===== Data shown

lemma deviation_event_measure_le:
  fixes P :: "'a measure" and Z :: "'a \<Rightarrow> real"
  assumes P: "prob_space P" and Zm[measurable]: "Z \<in> borel_measurable P"
    and Z2: "integrable P (\<lambda>z. (Z z)\<^sup>2)"
    and N: "N \<ge> 1" and ew: "(\<integral>z. (Z z)\<^sup>2 \<partial>P) \<le> w" and w: "w > 0" and L: "L \<ge> 0"
  shows "measure (PiM {1..N} (\<lambda>_. P)) (deviation_event P Z N L w) \<le> 3 * exp (- L)"
proof -
  define Q where "Q = PiM {1..N} (\<lambda>_. P)"
  interpret Q: prob_space Q
    unfolding Q_def by (rule prob_space_PiM) (simp add: P)
  define e where "e = (\<integral>z. (Z z)\<^sup>2 \<partial>P)"
  define S where "S = (\<lambda>X. (\<Sum>i\<in>{1..N}. Z (X i)) - real N * (\<integral>z. Z z \<partial>P))"
  define SQ where "SQ = (\<lambda>X. \<Sum>i\<in>{1..N}. (Z (X i))\<^sup>2)"
  define y where "y = real N * w / 3"
  have [measurable]: "S \<in> borel_measurable Q" "SQ \<in> borel_measurable Q"
    unfolding S_def SQ_def Q_def by measurable
  have "e \<ge> 0" "y > 0" "real N * e \<le> real N * w"
    unfolding e_def y_def using N w ew by (simp_all add: mult_left_mono)
  have SQ: "integrable Q SQ" "(\<integral>X. SQ X \<partial>Q) = real N * e"
    using integral_PiM_sum_component[OF P _ Z2, of "{1..N}"] unfolding SQ_def Q_def e_def by simp_all
  have SQ_nonneg: "SQ X \<ge> 0" for X
    unfolding SQ_def by (simp add: sum_nonneg)
  have "deviation_event P Z N L w \<subseteq> {X \<in> space Q. 3 * L * (SQ X + real N * e + y) \<le> (S X)\<^sup>2}"
  proof
    fix X
    assume "X \<in> deviation_event P Z N L w"
    then have "X \<in> space Q" and dev: "4 * L * (SQ X + real N * w) < (S X)\<^sup>2"
      unfolding deviation_event_def Q_def S_def SQ_def by auto
    have "3 * (SQ X + real N * e + y) \<le> 4 * (SQ X + real N * w)"
      using \<open>real N * e \<le> real N * w\<close> SQ_nonneg[of X] unfolding y_def by (simp add: field_simps)
    then have "L * (3 * (SQ X + real N * e + y)) \<le> L * (4 * (SQ X + real N * w))"
      using L by (rule mult_left_mono)
    then have "3 * L * (SQ X + real N * e + y) \<le> 4 * L * (SQ X + real N * w)"
      by (simp only: mult_ac)
    then show "X \<in> {X \<in> space Q. 3 * L * (SQ X + real N * e + y) \<le> (S X)\<^sup>2}"
      using \<open>X \<in> space Q\<close> dev by simp
  qed
  then have "measure Q (deviation_event P Z N L w)
      \<le> measure Q {X \<in> space Q. 3 * L * (SQ X + real N * e + y) \<le> (S X)\<^sup>2}"
    by (intro Q.finite_measure_mono) auto
  also have "\<dots> \<le> 3 * exp (- L)"
  proof (rule mixture_tail_measure_le[OF Q.prob_space_axioms, where V = "\<lambda>X. SQ X + real N * e"])
    show "(\<integral>X. SQ X + real N * e \<partial>Q) \<le> 6 * y"
      using SQ \<open>real N * e \<le> real N * w\<close> unfolding y_def by (simp add: Q.prob_space mult.commute)
    show "integrable Q (\<lambda>X. sqrt (y / (SQ X + real N * e + y)) * exp ((S X)\<^sup>2 / (2 * (SQ X + real N * e + y))))"
      and "(\<integral>X. sqrt (y / (SQ X + real N * e + y)) * exp ((S X)\<^sup>2 / (2 * (SQ X + real N * e + y))) \<partial>Q) \<le> 1"
      using self_normalized_mixture_integral_le_1[OF P Zm Z2 _ \<open>y > 0\<close>, of "{1..N}"]
      unfolding S_def SQ_def Q_def e_def by simp_all
  qed (use SQ SQ_nonneg \<open>e \<ge> 0\<close> \<open>y > 0\<close> in auto)
  finally show ?thesis
    unfolding Q_def .
qed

==========

■ **Task to carry out**: Repeat back the data above, exact to the last character.

■ **Answer area**:
lemma deviation_event_measure_le:
  fixes P :: "'a measure" and Z :: "'a \<Rightarrow> real"
  assumes P: "prob_space P" and Zm[measurable]: "Z \<in> borel_measurable P"
    and Z2: "integrable P (\<lambda>z. (Z z)\<^sup>2)"
    and N: "N \<ge> 1" and ew: "(\<integral>z. (Z z)\<^sup>2 \<partial>P) \<le> w" and w: "w > 0" and L: "L \<ge> 0"
  shows "measure (PiM {1..N} (\<lambda>_. P)) (deviation_event P Z N L w) \<le> 3 * exp (- L)"
proof -
  define Q where "Q = PiM {1..N} (\<lambda>_. P)"
  interpret Q: prob_space Q
    unfolding Q_def by (rule prob_space_PiM) (simp add: P)
  define e where "e = (\<integral>z. (Z z)\<^sup>2 \<partial>P)"
  define S where "S = (\<lambda>X. (\<Sum>i\<in>{1..N}. Z (X i)) - real N * (\<integral>z. Z z \<partial>P))"
  define SQ where "SQ = (\<lambda>X. \<Sum>i\<in>{1..N}. (Z (X i))\<^sup>2)"
  define y where "y = real N * w / 3"
  have [measurable]: "S \<in> borel_measurable Q" "SQ \<in> borel_measurable Q"
    unfolding S_def SQ_def Q_def by measurable
  have "e \<ge> 0" "y > 0" "real N * e \<le> real N * w"
    unfolding e_def y_def using N w ew by (simp_all add: mult_left_mono)
  have SQ: "integrable Q SQ" "(\<integral>X. SQ X \<partial>Q) = real N * e"
    using integral_PiM_sum_component[OF P _ Z2, of "{1..N}"] unfolding SQ_def Q_def e_def by simp_all
  have SQ_nonneg: "SQ X \<ge> 0" for X
    unfolding SQ_def by (simp add: sum_nonneg)
  have "deviation_event P Z N L w \<subseteq> {X \<in> space Q. 3 * L * (SQ X + real N * e + y) \<le> (S X)\<^sup>2}"
  proof
    fix X
    assume "X \<in> deviation_event P Z N L w"
    then have "X \<in> space Q" and dev: "4 * L * (SQ X + real N * w) < (S X)\<^sup>2"
      unfolding deviation_event_def Q_def S_def SQ_def by auto
    have "3 * (SQ X + real N * e + y) \<le> 4 * (SQ X + real N * w)"
      using \<open>real N * e \<le> real N * w\<close> SQ_nonneg[of X] unfolding y_def by (simp add: field_simps)
    then have "L * (3 * (SQ X + real N * e + y)) \<le> L * (4 * (SQ X + real N * w))"
      using L by (rule mult_left_mono)
    then have "3 * L * (SQ X + real N * e + y) \<le> 4 * L * (SQ X + real N * w)"
      by (simp only: mult_ac)
    then show "X \<in> {X \<in> space Q. 3 * L * (SQ X + real N * e + y) \<le> (S X)\<^sup>2}"
      using \<open>X \<in> space Q\<close> dev by simp
  qed
  then have "measure Q (deviation_event P Z N L w)
      \<le> measure Q {X \<in> space Q. 3 * L * (SQ X + real N * e + y) \<le> (S X)\<^sup>2}"
    by (intro Q.finite_measure_mono) auto
  also have "\<dots> \<le> 3 * exp (- L)"
  proof (rule mixture_tail_measure_le[OF Q.prob_space_axioms, where V = "\<lambda>X. SQ X + real N * e"])
    show "(\<integral>X. SQ X + real N * e \<partial>Q) \<le> 6 * y"
      using SQ \<open>real N * e \<le> real N * w\<close> unfolding y_def by (simp add: Q.prob_space mult.commute)
    show "integrable Q (\<lambda>X. sqrt (y / (SQ X + real N * e + y)) * exp ((S X)\<^sup>2 / (2 * (SQ X + real N * e + y))))"
      and "(\<integral>X. sqrt (y / (SQ X + real N * e + y)) * exp ((S X)\<^sup>2 / (2 * (SQ X + real N * e + y))) \<partial>Q) \<le> 1"
      using self_normalized_mixture_integral_le_1[OF P Zm Z2 _ \<open>y > 0\<close>, of "{1..N}"]
      unfolding S_def SQ_def Q_def e_def by simp_all
  qed (use SQ SQ_nonneg \<open>e \<ge> 0\<close> \<open>y > 0\<close> in auto)
  finally show ?thesis
    unfolding Q_def .
qed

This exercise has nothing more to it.